Repeat the lines of the data that follow, please, starting at the first and stopping after the one with "unfolding ordinal_sum_of_def by blast".

-*-

lemma tower_of_sections_section_block:
  assumes "tower_of_sections Q le" and "\<not> four_tower Q le"
  obtains S n R where "S \<subseteq> Q" and "section_poset n R" and "order_iso S le (section_carrier n) R"
    and "\<And>q. q \<in> Q \<Longrightarrow> q \<notin> S \<Longrightarrow> \<exists>q'\<in>Q. incomparable le q q' \<and>
           ((\<forall>s\<in>S. le s q \<and> le s q') \<or> (\<forall>s\<in>S. le q s \<and> le q' s))"
proof -
  have po: "poset_on Q le" and "ordinal_sum_of is_section Q le"
    using assms(1) unfolding tower_of_sections_def by simp_all
  then obtain k :: nat and B where k: "k \<ge> 1" and Q: "Q = (\<Union>i<k. B i)"
    and disjoint: "\<forall>i<k. \<forall>j<k. i \<noteq> j \<longrightarrow> B i \<inter> B j = {}"
    and sections: "\<forall>i<k. is_section (B i) le"
    and ordered: "\<forall>i<k. \<forall>j<k. i < j \<longrightarrow> (\<forall>x\<in>B i. \<forall>y\<in>B j. le x y \<and> \<not> le y x)"
    unfolding ordinal_sum_of_def by blast
  have "\<not> (\<forall>i<k. two_antichain (B i) le)"
  proof
    assume "\<forall>i<k. two_antichain (B i) le"
    with Q disjoint ordered have "ordinal_sum_of two_antichain Q le"
      unfolding ordinal_sum_of_def using k by blast
    then show False using assms(2) po unfolding four_tower_def by blast
  qed
  then obtain j where j: "j < k" "\<not> two_antichain (B j) le" by blast
  then obtain n R where sec: "section_poset n R" and iso: "order_iso (B j) le (section_carrier n) R"
    using sections unfolding is_section_def by blast
  have BQ: "B j \<subseteq> Q" using Q j(1) by blast
  have partner: "\<exists>q'\<in>Q. incomparable le q q' \<and>
      ((\<forall>s\<in>B j. le s q \<and> le s q') \<or> (\<forall>s\<in>B j. le q s \<and> le q' s))" if "q \<in> Q" "q \<notin> B j" for q
    by (rule ordinal_sum_partner_beside_block[OF Q _ ordered j(1) that])
      (simp add: section_incomparable_partner sections)
  show thesis by (rule that[OF BQ sec iso partner])
qed

section \<open>Stacks of crowns\<close>

text \<open>The last two assumptions say that consecutive levels form a 6-crown.\<close>

locale crown_stack =
  fixes P :: "'a set" and le :: "'a \<Rightarrow> 'a \<Rightarrow> bool" and lev :: "'a \<Rightarrow> nat" and N :: nat
  assumes poset: "poset_on P le"
    and lev_le_top: "x \<in> P \<Longrightarrow> lev x \<le> N"
    and card_level: "i \<le> N \<Longrightarrow> card {p\<in>P. lev p = i} = 3"
    and lev_less: "x \<in> P \<Longrightarrow> y \<in> P \<Longrightarrow> le x y \<Longrightarrow> x \<noteq> y \<Longrightarrow> lev x < lev y"
    and ex1_upper_incomparable:
      "x \<in> P \<Longrightarrow> lev x < N \<Longrightarrow> \<exists>!y. y \<in> P \<and> lev y = Suc (lev x) \<and> \<not> le x y"
    and ex1_lower_incomparable:
      "y \<in> P \<Longrightarrow> 0 < lev y \<Longrightarrow> \<exists>!x. x \<in> P \<and> Suc (lev x) = lev y \<and> \<not> le x y"
begin

lemma trans_le: "x \<in> P \<Longrightarrow> y \<in> P \<Longrightarrow> z \<in> P \<Longrightarrow> le x y \<Longrightarrow> le y z \<Longrightarrow> le x z"
  using poset unfolding poset_on_def by blast

lemma dual: "crown_stack P (\<lambda>x y. le y x) (\<lambda>x. N - lev x) N"
proof unfold_locales
  show "poset_on P (\<lambda>x y. le y x)" using poset unfolding poset_on_def by blast
  show "N - lev x \<le> N" for x by simp
  show "card {p\<in>P. N - lev p = i} = 3" if "i \<le> N" for i
  proof -
    have "{p\<in>P. N - lev p = i} = {p\<in>P. lev p = N - i}" using lev_le_top that by fastforce
    then show ?thesis using card_level by simp
  qed
  show "N - lev x < N - lev y" if "x \<in> P" "y \<in> P" "le y x" "x \<noteq> y" for x y
    using lev_less[of y x] lev_le_top[of x] that by simp
  show "\<exists>!y. y \<in> P \<and> N - lev y = Suc (N - lev x) \<and> \<not> le y x" if "x \<in> P" "N - lev x < N" for x
  proof -
    have "y \<in> P \<and> N - lev y = Suc (N - lev x) \<and> \<not> le y x \<longleftrightarrow> y \<in> P \<and> Suc (lev y) = lev x \<and> \<not> le y x" for y
      using lev_le_top[of x] lev_le_top[of y] that by auto
    then show ?thesis using ex1_lower_incomparable[of x] that by simp
  qed
  show "\<exists>!x. x \<in> P \<and> Suc (N - lev x) = N - lev y \<and> \<not> le y x" if "y \<in> P" "0 < N - lev y" for y
  proof -
    have "x \<in> P \<and> Suc (N - lev x) = N - lev y \<and> \<not> le y x \<longleftrightarrow> x \<in> P \<and> lev x = Suc (lev y) \<and> \<not> le y x" for x
      using lev_le_top[of x] lev_le_top[of y] that by auto
    then show ?thesis using ex1_upper_incomparable[of y] that by simp
  qed
qed
text \<open>Read backwards, \<open>e(k, 2n - x - 1)\<close> starts with a Dynkin neighbour of \<open>x\<close> and reaches \<open>x\<close> right after
  another neighbour, passing only letters disconnected from \<open>x\<close> in between; this is what makes all
  but one insertion of \<open>x\<close> cancel.\<close>
lemma rev_eword_left_shape:
  assumes k: "1 \<le> k" "k \<le> x" and x: "Suc x \<le> n - 1"
  obtains y\<^sub>1 y\<^sub>2 u u' where
    "rev (eword k (Suc x)) = y\<^sub>1 # u @ y\<^sub>2 # x # rev [k..<x]"
    "rev (eword' k (Suc x)) = y\<^sub>2 # u' @ y\<^sub>1 # x # rev [k..<x]"
    "P x y\<^sub>1 * P y\<^sub>1 x = inverse q" "P x y\<^sub>2 * P y\<^sub>2 x = inverse q"
    "disconnected P x u" "disconnected P x u'"
proof (cases "Suc x = n - 1")
  case True
  then have n: "n = Suc (Suc x)" using n_ge_3 by simp
  show ?thesis
  proof (rule that[where y\<^sub>1 = "Suc x" and y\<^sub>2 = n and u = "[]" and u' = "[]"])
    have upt: "[Suc x..<n] = [Suc x]" "[Suc x..<n - 1] = []" "[k..<n - 1] = [k..<x] @ [x]"
      using k n by simp_all
    show "rev (eword k (Suc x)) = Suc x # [] @ n # x # rev [k..<x]"
      "rev (eword' k (Suc x)) = n # [] @ Suc x # x # rev [k..<x]"
      unfolding rev_eword rev_eword' upt using True by simp_all
  qed (use k n in \<open>auto simp: dynkin_edge_def intro!: P_connected\<close>)
next
  case False
  then have x: "Suc x < n - 1" using x by simp
  have "[k..<n - 1] = [k..<x] @ [x..<n - 1]" using k x by (intro upt_split_at) auto
  also have "[x..<n - 1] = x # Suc x # [Suc (Suc x)..<n - 1]" using x by (simp add: upt_conv_Cons)
  finally have "[k..<n - 1] = [k..<x] @ x # Suc x # [Suc (Suc x)..<n - 1]" .
  then have tail: "rev [k..<n - 1] = rev [Suc (Suc x)..<n - 1] @ Suc x # x # rev [k..<x]" by simp
  show ?thesis
  proof (rule that[where y\<^sub>1 = "Suc x" and y\<^sub>2 = "Suc x"
        and u = "[Suc (Suc x)..<n] @ n # rev [Suc (Suc x)..<n - 1]"
        and u' = "[Suc (Suc x)..<n - 1] @ n # (n - 1) # rev [Suc (Suc x)..<n - 1]"])
    show "rev (eword k (Suc x)) = Suc x # ([Suc (Suc x)..<n] @ n # rev [Suc (Suc x)..<n - 1]) @
        Suc x # x # rev [k..<x]"
      "rev (eword' k (Suc x)) = Suc x # ([Suc (Suc x)..<n - 1] @ n # (n - 1) # rev [Suc (Suc x)..<n - 1]) @
        Suc x # x # rev [k..<x]"
      using x unfolding rev_eword rev_eword' tail by (simp_all add: upt_conv_Cons)
  qed (use k x in \<open>auto simp: disconnected_def dynkin_edge_def intro!: P_connected P_disconnected\<close>)
qed
(* Let $X$ be a complex Banach space with norm $\|\cdot\|$ and open unit ball $\mathbb{B}$, let $\mathbb{U}$ be the open unit disk in $\mathbb{C}$, and let $\beta\in\mathbb{R}$ with $|\beta|<\frac{\pi}{2}$. Let $g:\mathbb{U}\to\mathbb{C}$ be a biholomorphic function with $g(0)=1$ and $\operatorname{Re} g(z)>0$ for all $z\in\mathbb{U}$. Let $F:\mathbb{B}\to X$ be a holomorphic mapping of one-dimensional type (i.e. $F(x)=f(x)\,x$ for some holomorphic $f:\mathbb{B}\to\mathbb{C}$) such that $F(0)=0$, $DF(0)=I$, $DF(x)$ has a bounded inverse for every $x\in\mathbb{B}$, and $(DF(x))^{-1}F(x)\in\widehat{\mathcal{M}}_g(\beta)$ (the class defined in the context). Then for every $\lambda\in\mathbb{C}$ and every $x\in\mathbb{B}\setminus\{0\}$, \[ \left\|\frac{D^3F(0)(x^3)}{3!}-\lambda\,\frac12\, D^2F(0)\!\left(x,\frac{D^2F(0)(x^2)}{2!}\right)\right\|\le \frac{\|x\|^3}{2}\,\psi_\beta(\lambda)\,|g'(0)|, \] where \[ \psi_\beta(\lambda)=\cos\beta\cdot\max\left\{1,\ \left|(1-2\lambda)\cos\beta\, g'(0)+\frac{e^{i\beta}}{2}\cdot\frac{g''(0)}{g'(0)}\right|\right\}. \] Moreover, this estimate is sharp.
   Context: $X^*$ denotes the dual space of $X$. For $x\in X\setminus\{0\}$, $T(x)=\{T_x\in X^*:\ \|T_x\|=1,\ T_x(x)=\|x\|\}$ (nonempty by Hahn–Banach). $D^nF(0)$ denotes the $n$-th Fréchet derivative of $F$ at $0$, a bounded symmetric $n$-linear map, and $D^nF(0)(x^n)=D^nF(0)[x,\dots,x]$. With $g$ as in the claim, put $g_\beta(z)=e^{-i\beta}\left(\cos\beta\, g(z)+i\sin\beta\right)$ for $z\in\mathbb{U}$. The class $\widehat{\mathcal{M}}_g(\beta)$ consists of all holomorphic mappings $h:\mathbb{B}\to X$ such that $\frac{\|x\|}{T_x(h(x))}\in g_\beta(\mathbb{U})$ for all $x\in\mathbb{B}\setminus\{0\}$ and all $T_x\in T(x)$. *)

theory Defs
  imports "HOL-Analysis.Analysis"
begin

text \<open>A complex Banach space is modelled as a real Banach space type together with a
  complex scalar multiplication cs extending the real one and compatible with the norm.\<close>
definition complex_scaling :: "(complex \<Rightarrow> 'a::banach \<Rightarrow> 'a) \<Rightarrow> bool" where
  "complex_scaling cs \<longleftrightarrow>
     (\<forall>r x. cs (complex_of_real r) x = r *\<^sub>R x) \<and>
     (\<forall>a b x. cs (a + b) x = cs a x + cs b x) \<and>
     (\<forall>a x y. cs a (x + y) = cs a x + cs a y) \<and>
     (\<forall>a b x. cs (a * b) x = cs a (cs b x)) \<and>
     (\<forall>a x. norm (cs a x) = cmod a * norm x)"

definition holo_map ::
  "(complex \<Rightarrow> 'a::real_normed_vector \<Rightarrow> 'a) \<Rightarrow> (complex \<Rightarrow> 'b::real_normed_vector \<Rightarrow> 'b)
    \<Rightarrow> 'a set \<Rightarrow> ('a \<Rightarrow> 'b) \<Rightarrow> bool" where
  "holo_map csA csB S F \<longleftrightarrow> open S \<and>
     (\<forall>x\<in>S. \<exists>D. (F has_derivative D) (at x) \<and> (\<forall>c v. D (csA c v) = csB c (D v)))"

definition support_functional ::
  "(complex \<Rightarrow> 'a::real_normed_vector \<Rightarrow> 'a) \<Rightarrow> 'a \<Rightarrow> ('a \<Rightarrow> complex) \<Rightarrow> bool" where
  "support_functional cs x T \<longleftrightarrow> bounded_linear T \<and> (\<forall>c y. T (cs c y) = c * T y) \<and>
     onorm T = 1 \<and> T x = complex_of_real (norm x)"

definition g_beta :: "(complex \<Rightarrow> complex) \<Rightarrow> real \<Rightarrow> complex \<Rightarrow> complex" where
  "g_beta g \<beta> z = exp (- \<i> * complex_of_real \<beta>) * (complex_of_real (cos \<beta>) * g z + \<i> * complex_of_real (sin \<beta>))"

definition Mhat :: "(complex \<Rightarrow> 'a::real_normed_vector \<Rightarrow> 'a) \<Rightarrow> (complex \<Rightarrow> complex) \<Rightarrow> real
    \<Rightarrow> ('a \<Rightarrow> 'a) \<Rightarrow> bool" where
  "Mhat cs g \<beta> h \<longleftrightarrow> holo_map cs cs (ball 0 1) h \<and>
     (\<forall>x\<in>ball 0 1 - {0}. \<forall>T. support_functional cs x T \<longrightarrow>
        complex_of_real (norm x) / T (h x) \<in> g_beta g \<beta> ` ball 0 1)"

-*-

Exercise solution>
lemma tower_of_sections_section_block:
  assumes "tower_of_sections Q le" and "\<not> four_tower Q le"
  obtains S n R where "S \<subseteq> Q" and "section_poset n R" and "order_iso S le (section_carrier n) R"
    and "\<And>q. q \<in> Q \<Longrightarrow> q \<notin> S \<Longrightarrow> \<exists>q'\<in>Q. incomparable le q q' \<and>
           ((\<forall>s\<in>S. le s q \<and> le s q') \<or> (\<forall>s\<in>S. le q s \<and> le q' s))"
proof -
  have po: "poset_on Q le" and "ordinal_sum_of is_section Q le"
    using assms(1) unfolding tower_of_sections_def by simp_all
  then obtain k :: nat and B where k: "k \<ge> 1" and Q: "Q = (\<Union>i<k. B i)"
    and disjoint: "\<forall>i<k. \<forall>j<k. i \<noteq> j \<longrightarrow> B i \<inter> B j = {}"
    and sections: "\<forall>i<k. is_section (B i) le"
    and ordered: "\<forall>i<k. \<forall>j<k. i < j \<longrightarrow> (\<forall>x\<in>B i. \<forall>y\<in>B j. le x y \<and> \<not> le y x)"
    unfolding ordinal_sum_of_def by blast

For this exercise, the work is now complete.